Habiba didn't kiss him. She toyed with him. Just millimeters away, he inhaled the scent of her. Her skin carried the tropical smell of coconut oil. Her hair was jojoba. Her fingers smelled like grass. Her lips were strawberry lipgloss over the waxy smooth purple pigment. Every part of her must smell so different and he yearned to press his nose against her skin and catalogue it all.

"Count for me, Bataar. Then look for me."

"To what number?" He rasped low and unsteady.

"Sixty seconds," she said, already backing away.

And just like that, she was gone. Bataar inhaled deeply and found only the trace of her on his clothes where her backside leaned against him. But other than that, he found no potent source in the crowd.

He opened his eyes, feeling almost panicked, at having lost an entire person in just one minute. Someone nearby was drenched in sweat and cologne and it was irritating his senses. Bataar realized then that Habiba had done this on purpose. She'd taken him to a place where strong scents overlapped one another and hid her in a blanket of human and food smells.

Which meant she was within a certain range from him. Far enough away to be masked, close enough to keep an eye on him.

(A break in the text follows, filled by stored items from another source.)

(* Let $C_{SR}>C_{SD}=b=\log(1+m)>0$ (with $m>0$) and $c>0$. Let $J$ be either $J_{IA}(\alpha_2,\alpha_3)=b+\log(1+c\alpha_2/\alpha_3)$ or $J_{EA}(\alpha_2,\alpha_3)=\log(1+m+c\alpha_2/\alpha_3)$, with $\alpha_3J:=0$ when $\alpha_3=0$. On the simplex $\Delta=\{(\alpha_1,\alpha_2,\alpha_3)\in[0,1]^3:\alpha_1+\alpha_2+\alpha_3=1\}$ define $$R^{(TS)}(\alpha_1,\alpha_2,\alpha_3)=\min\{\alpha_1C_{SR},\ (\alpha_1+\alpha_2)C_{SD}+\alpha_3J(\alpha_2,\alpha_3)\}.$$ Then every maximizer $(\alpha_1^*,\alpha_2^*,\alpha_3^* )$ of $R^{(TS)}$ over $\Delta$ satisfies $$\alpha_1^*C_{SR}=(\alpha_1^*+\alpha_2^* )C_{SD}+\alpha_3^*J(\alpha_2^*,\alpha_3^* ).$$
   Context: $\log$ is the natural logarithm. This concerns the time-switching relay protocol: $\alpha_1,\alpha_2,\alpha_3$ are the time fractions of the relay's listening sub-phase, energy-harvesting sub-phase and collaboration phase; in the paper's setting $C_{SR}=\log(1+P_SH_{SR}/\sigma_R^2)$, $C_{SD}=\log(1+P_SH_{SD}/\sigma_D^2)$, $m=P_SH_{SD}/\sigma_D^2$, $c=\eta H_{SR}H_{RD}P_S/\sigma_D^2$. IA = mutual-information accumulation, EA = energy accumulation at the destination. *)

theory Defs
  imports Complex_Main
begin

definition J_IA :: "real \<Rightarrow> real \<Rightarrow> real \<Rightarrow> real \<Rightarrow> real" where
  "J_IA b c a2 a3 = b + ln (1 + c * a2 / a3)"

definition J_EA :: "real \<Rightarrow> real \<Rightarrow> real \<Rightarrow> real \<Rightarrow> real" where
  "J_EA m c a2 a3 = ln (1 + m + c * a2 / a3)"

definition weighted_J :: "(real \<Rightarrow> real \<Rightarrow> real) \<Rightarrow> real \<Rightarrow> real \<Rightarrow> real" where
  "weighted_J J a2 a3 = (if a3 = 0 then 0 else a3 * J a2 a3)"

definition simplex3 :: "(real \<times> real \<times> real) set" where
  "simplex3 = {(a1, a2, a3). 0 \<le> a1 \<and> a1 \<le> 1 \<and> 0 \<le> a2 \<and> a2 \<le> 1 \<and> 0 \<le> a3 \<and> a3 \<le> 1
                  \<and> a1 + a2 + a3 = 1}"

definition R_TS :: "real \<Rightarrow> real \<Rightarrow> (real \<Rightarrow> real \<Rightarrow> real) \<Rightarrow> real \<Rightarrow> real \<Rightarrow> real \<Rightarrow> real" where
  "R_TS CSR CSD J a1 a2 a3 = min (a1 * CSR) ((a1 + a2) * CSD + weighted_J J a2 a3)"

end

theory Submission
  imports Defs
begin

text \<open>At a maximizer the two terms of the minimum must balance. Otherwise one can move a little
  time between the sub-phases so that the smaller term strictly increases while the larger one
  changes continuously and hence stays above the old minimum: if the relay-link term is smaller,
  shift time from harvesting to listening; if the destination term is smaller, shift time from
  listening to harvesting, opening a collaboration phase of length \<open>t\<close> when \<open>\<alpha>\<^sub>3 = 0\<close>, which
  pays off because \<open>J > b\<close> as soon as any energy has been harvested. The constant value \<open>b\<close>,
  attained on the face \<open>\<alpha>\<^sub>3 = 0\<close>, rules out the degenerate configurations.\<close>

lemma min_increases_along_path:
  fixes f g :: "real \<Rightarrow> real"
  assumes "0 < d" and "f 0 < g 0" and "continuous_on {0..d} g"
    and "\<And>t. 0 < t \<Longrightarrow> t \<le> d \<Longrightarrow> f 0 < f t"
  obtains t where "0 < t" "t \<le> d" "min (f 0) (g 0) < min (f t) (g t)"
proof -
  have "(g \<longlongrightarrow> g 0) (at_right 0)"
    using assms(1,3)
    by (metis at_within_Icc_at_right atLeastAtMost_iff continuous_on_def order_refl less_imp_le)
  then have "eventually (\<lambda>t. f 0 < g t) (at_right 0)"
    using assms(2) by (rule order_tendstoD)
  then obtain e where "0 < e" and e: "\<And>t. 0 < t \<Longrightarrow> t < e \<Longrightarrow> f 0 < g t"
    by (auto simp: eventually_at_right_field)
  define t where "t = min (e / 2) d"
  have "0 < t" "t \<le> d" "t < e"
    using \<open>0 < e\<close> assms(1) by (auto simp: t_def)
  then show thesis
    using that assms(2,4) e by (simp add: min_def)
qed

lemma strict_mono_on_ln_affine:
  fixes a K c y :: real
  assumes "0 < K" "0 < c" "0 < y"
  shows "strict_mono_on {0..} (\<lambda>x. a + ln (K + c * x / y))"
proof (rule strict_mono_onI)
  fix x x' :: real assume "x \<in> {0..}" "x < x'"
  then have "0 \<le> c * x / y" using assms by simp
  then have "0 < K + c * x / y" using assms by linarith
  moreover have "c * x / y < c * x' / y"
    using assms \<open>x < x'\<close> by (simp add: divide_strict_right_mono)
  ultimately show "a + ln (K + c * x / y) < a + ln (K + c * x' / y)" by simp
qed

lemma continuous_on_ln_affine:
  fixes a K c y :: real
  assumes "0 < K" "0 \<le> c" "0 < y"
  shows "continuous_on {0..} (\<lambda>x. a + ln (K + c * x / y))"
proof -
  have "0 < K + c * x / y" if "x \<in> {0..}" for x
    using assms that by (simp add: add_pos_nonneg)
  then show ?thesis using assms by (intro continuous_intros) (force+)
qed

text \<open>Here \<open>b\<close> plays the role of \<open>C\<^sub>S\<^sub>D\<close>: with no harvested energy the relay adds nothing,
  so \<open>J 0 y = b\<close>.\<close>
locale ts_rates =
  fixes CSR b :: real and J :: "real \<Rightarrow> real \<Rightarrow> real"
  assumes b_pos: "0 < b" and CSR_gt: "b < CSR"
    and J_zero: "\<And>y. 0 < y \<Longrightarrow> J 0 y = b"
    and J_strict_mono: "\<And>y. 0 < y \<Longrightarrow> strict_mono_on {0..} (\<lambda>x. J x y)"
    and J_continuous: "\<And>y. 0 < y \<Longrightarrow> continuous_on {0..} (\<lambda>x. J x y)"
begin

lemma J_gt_b: "0 < y \<Longrightarrow> 0 < x \<Longrightarrow> b < J x y"
  using J_zero J_strict_mono by (metis atLeast_iff less_imp_le order_refl strict_mono_onD)

lemma destination_rate_boundary:
  assumes "(a1, a2, a3) \<in> simplex3" and "a2 = 0 \<or> a3 = 0"
  shows "(a1 + a2) * b + weighted_J J a2 a3 = b"
  using assms J_zero[of a3]
  by (auto simp: simplex3_def weighted_J_def distrib_right[symmetric])

lemma R_TS_attains_b: "\<exists>(x1, x2, x3) \<in> simplex3. R_TS CSR b J x1 x2 x3 = b"
proof -
  have "(b / CSR, 1 - b / CSR, 0) \<in> simplex3"
    using b_pos CSR_gt by (auto simp: simplex3_def divide_le_eq)
  moreover have "R_TS CSR b J (b / CSR) (1 - b / CSR) 0 = b"
    using b_pos CSR_gt by (simp add: R_TS_def weighted_J_def)
  ultimately show ?thesis by blast
qed

lemma improvable_if_relay_limited:
  assumes "(a1, a2, a3) \<in> simplex3" and "b \<le> R_TS CSR b J a1 a2 a3"
    and less: "a1 * CSR < (a1 + a2) * b + weighted_J J a2 a3"
  shows "\<exists>(x1, x2, x3) \<in> simplex3. R_TS CSR b J a1 a2 a3 < R_TS CSR b J x1 x2 x3"
proof -
  have "a2 \<noteq> 0 \<and> a3 \<noteq> 0"
    using destination_rate_boundary[OF assms(1)] assms(2,3) by (auto simp: R_TS_def)
  then have "0 < a2" "0 < a3" using assms(1) by (auto simp: simplex3_def)
  define f where "f t = (a1 + t) * CSR" for t
  define g where "g t = (a1 + a2) * b + a3 * J (a2 - t) a3" for t
  have "continuous_on {0..a2} g"
    unfolding g_def using \<open>0 < a3\<close>
    by (intro continuous_intros continuous_on_compose2[OF J_continuous[of a3]]) auto
  moreover have "f 0 < g 0"
    using less \<open>0 < a3\<close> by (simp add: f_def g_def weighted_J_def)
  moreover have "f 0 < f t" if "0 < t" for t
    using that b_pos CSR_gt by (simp add: f_def)
  ultimately obtain t where t: "0 < t" "t \<le> a2" "min (f 0) (g 0) < min (f t) (g t)"
    using min_increases_along_path[OF \<open>0 < a2\<close>] by blast
  then have "(a1 + t, a2 - t, a3) \<in> simplex3" using assms(1) by (auto simp: simplex3_def)
  moreover have "R_TS CSR b J a1 a2 a3 < R_TS CSR b J (a1 + t) (a2 - t) a3"
    using t \<open>0 < a3\<close> by (simp add: R_TS_def weighted_J_def f_def g_def)
  ultimately show ?thesis by blast
qed

lemma improvable_if_destination_limited:
  assumes "(a1, a2, a3) \<in> simplex3" and "b \<le> R_TS CSR b J a1 a2 a3"
    and less: "(a1 + a2) * b + weighted_J J a2 a3 < a1 * CSR"
  shows "\<exists>(x1, x2, x3) \<in> simplex3. R_TS CSR b J a1 a2 a3 < R_TS CSR b J x1 x2 x3"
proof -
  have "0 < a1 * CSR"
    using assms(2,3) b_pos by (simp add: R_TS_def)
  then have "0 < a1"
    using b_pos CSR_gt by (simp add: zero_less_mult_iff)
  show ?thesis
  proof (cases "a3 = 0")
    case False
    then have "0 < a3" using assms(1) by (simp add: simplex3_def)
    define f where "f t = (a1 + a2) * b + a3 * J (a2 + t) a3" for t
    define g where "g t = (a1 - t) * CSR" for t
    have "continuous_on {0..a1} g" unfolding g_def by (intro continuous_intros)
    moreover have "f 0 < g 0"
      using less False by (simp add: f_def g_def weighted_J_def)
    moreover have "f 0 < f t" if "0 < t" for t
      using that \<open>0 < a3\<close> assms(1) strict_mono_onD[OF J_strict_mono[OF \<open>0 < a3\<close>], of a2 "a2 + t"]
      by (simp add: f_def simplex3_def)
    ultimately obtain t where t: "0 < t" "t \<le> a1" "min (f 0) (g 0) < min (f t) (g t)"
      using min_increases_along_path[OF \<open>0 < a1\<close>] by blast
    then have "(a1 - t, a2 + t, a3) \<in> simplex3" using assms(1) by (auto simp: simplex3_def)
    moreover have "R_TS CSR b J a1 a2 a3 < R_TS CSR b J (a1 - t) (a2 + t) a3"
      using t False by (simp add: R_TS_def weighted_J_def f_def g_def min.commute)
    ultimately show ?thesis by blast
  next
    case True
    define f where "f t = (a1 - 2 * t + (a2 + t)) * b + weighted_J J (a2 + t) t" for t
    define g where "g t = (a1 - 2 * t) * CSR" for t
    have "continuous_on {0..a1 / 2} g" unfolding g_def by (intro continuous_intros)
    moreover have "f 0 < g 0"
      using less True by (simp add: f_def g_def weighted_J_def)
    moreover have "f 0 < f t" if "0 < t" for t
    proof -
      have "a1 + a2 = 1" using True assms(1) by (simp add: simplex3_def)
      moreover have "t * b < t * J (a2 + t) t"
        using that assms(1) J_gt_b[of t "a2 + t"] by (simp add: simplex3_def)
      ultimately show ?thesis
        using that by (simp add: f_def weighted_J_def algebra_simps)
    qed
    ultimately obtain t where t: "0 < t" "t \<le> a1 / 2" "min (f 0) (g 0) < min (f t) (g t)"
      using min_increases_along_path[of "a1 / 2"] \<open>0 < a1\<close> by (metis half_gt_zero)
    then have "(a1 - 2 * t, a2 + t, t) \<in> simplex3" using assms(1) True by (auto simp: simplex3_def)
    moreover have "R_TS CSR b J a1 a2 a3 < R_TS CSR b J (a1 - 2 * t) (a2 + t) t"
      using t True by (simp add: R_TS_def f_def g_def min.commute)
    ultimately show ?thesis by blast
  qed
qed

end

lemma ts_rates_J_IA:
  assumes "0 < m" "0 < c" "b = ln (1 + m)" "b < CSR"
  shows "ts_rates CSR b (J_IA b c)"
  using assms strict_mono_on_ln_affine[of 1 c] continuous_on_ln_affine[of 1 c]
  by unfold_locales (auto simp: J_IA_def)

lemma ts_rates_J_EA:
  assumes "0 < m" "0 < c" "b = ln (1 + m)" "b < CSR"
  shows "ts_rates CSR b (J_EA m c)"
  using assms strict_mono_on_ln_affine[of "1 + m" c _ 0] continuous_on_ln_affine[of "1 + m" c _ 0]
  by unfold_locales (auto simp: J_EA_def)

theorem lemma4:
  fixes CSR CSD b m c :: real and J :: "real \<Rightarrow> real \<Rightarrow> real"
    and a1 a2 a3 :: real
  assumes "m > 0" and "c > 0"
    and "b = ln (1 + m)" and "CSD = b" and "CSR > CSD"
    and "J = J_IA b c \<or> J = J_EA m c"
    and "(a1, a2, a3) \<in> simplex3"
    and "\<forall>(x1, x2, x3) \<in> simplex3. R_TS CSR CSD J x1 x2 x3 \<le> R_TS CSR CSD J a1 a2 a3"
  shows "a1 * CSR = (a1 + a2) * CSD + weighted_J J a2 a3"
proof -
  interpret ts_rates CSR b J
    using assms(1-6) ts_rates_J_IA ts_rates_J_EA by auto
  have max: "\<forall>(x1, x2, x3) \<in> simplex3. R_TS CSR b J x1 x2 x3 \<le> R_TS CSR b J a1 a2 a3"
    using assms(4,8) by simp
  then have "b \<le> R_TS CSR b J a1 a2 a3"
    using R_TS_attains_b by fastforce
  show ?thesis
  proof (rule ccontr)
    assume "\<not> ?thesis"
    then have "a1 * CSR < (a1 + a2) * b + weighted_J J a2 a3 \<or>
        (a1 + a2) * b + weighted_J J a2 a3 < a1 * CSR"
      using assms(4) by (simp add: neq_iff)
    then obtain x1 x2 x3 where "(x1, x2, x3) \<in> simplex3"
      and "R_TS CSR b J a1 a2 a3 < R_TS CSR b J x1 x2 x3"
      using improvable_if_relay_limited[OF assms(7)] improvable_if_destination_limited[OF assms(7)]
        \<open>b \<le> R_TS CSR b J a1 a2 a3\<close> by blast
    with max show False by fastforce
  qed
qed

end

Bataar turned around, taking in all the faces around him. He inhaled again, his nose in the air, catching a whisper of coconut. He began to chase it but the lights changed and a guitar riff vibrated the air. The people around him pressed close, and the first devastating pitch of screams tore at his eardrum.

He was quickly losing the scent of coconut. Then he picked it up again behind him. As he pushed his way through the crowd, he smelled her to his right again. People were starting to get angry at his recklessness. It was beginning to get hard to maneuver politely between tightly pressed bodies. How could it be so easy for her? She seemed to be running around and around in a circle. She was closer, but out of sight, and it was starting to drive him crazy. How was she so good at these sorts of games?

An hour, he was stuck standing where her scent was strongest, for an hour. He couldn't leave because he wanted the chance to see her again. But he was losing faith in the spot he chose to wait for her. She might not choose to come back and gloat over her victory. He was depending on her to gloat, almost wishing for it.

A hand touched his shoulder and Bataar whipped around, excited to see her. But no one was there. Her dark brows furrowed and he growled low in his throat.

"Well, that's a sexy sound," Habiba said from above. Bataar looked up so fast, he might as well be a Pez dispenser.

Sitting up on a camera platform attached to a steel arm, was Habiba. She'd been circling, getting shots of the crowd from just ten feet off the ground on a roving camera. She gestured for him to come up and helped pull him up when he made a leap. Then she made space for him to sit as she adjusted the camera.

"My nephew's sick so my uncle needed to take care of him. I get to play camerawoman tonight," she explained. Then she gave Bataar a grin and nudged his shoulder.

"I thought you might give up," she said.

"Not a chance..." Bataar replied. Then he leaned in to kiss her just as the stage blazed with sparklers and the crowd of thousands screamed with jubilation. It was exactly how he felt inside when she returned that kiss.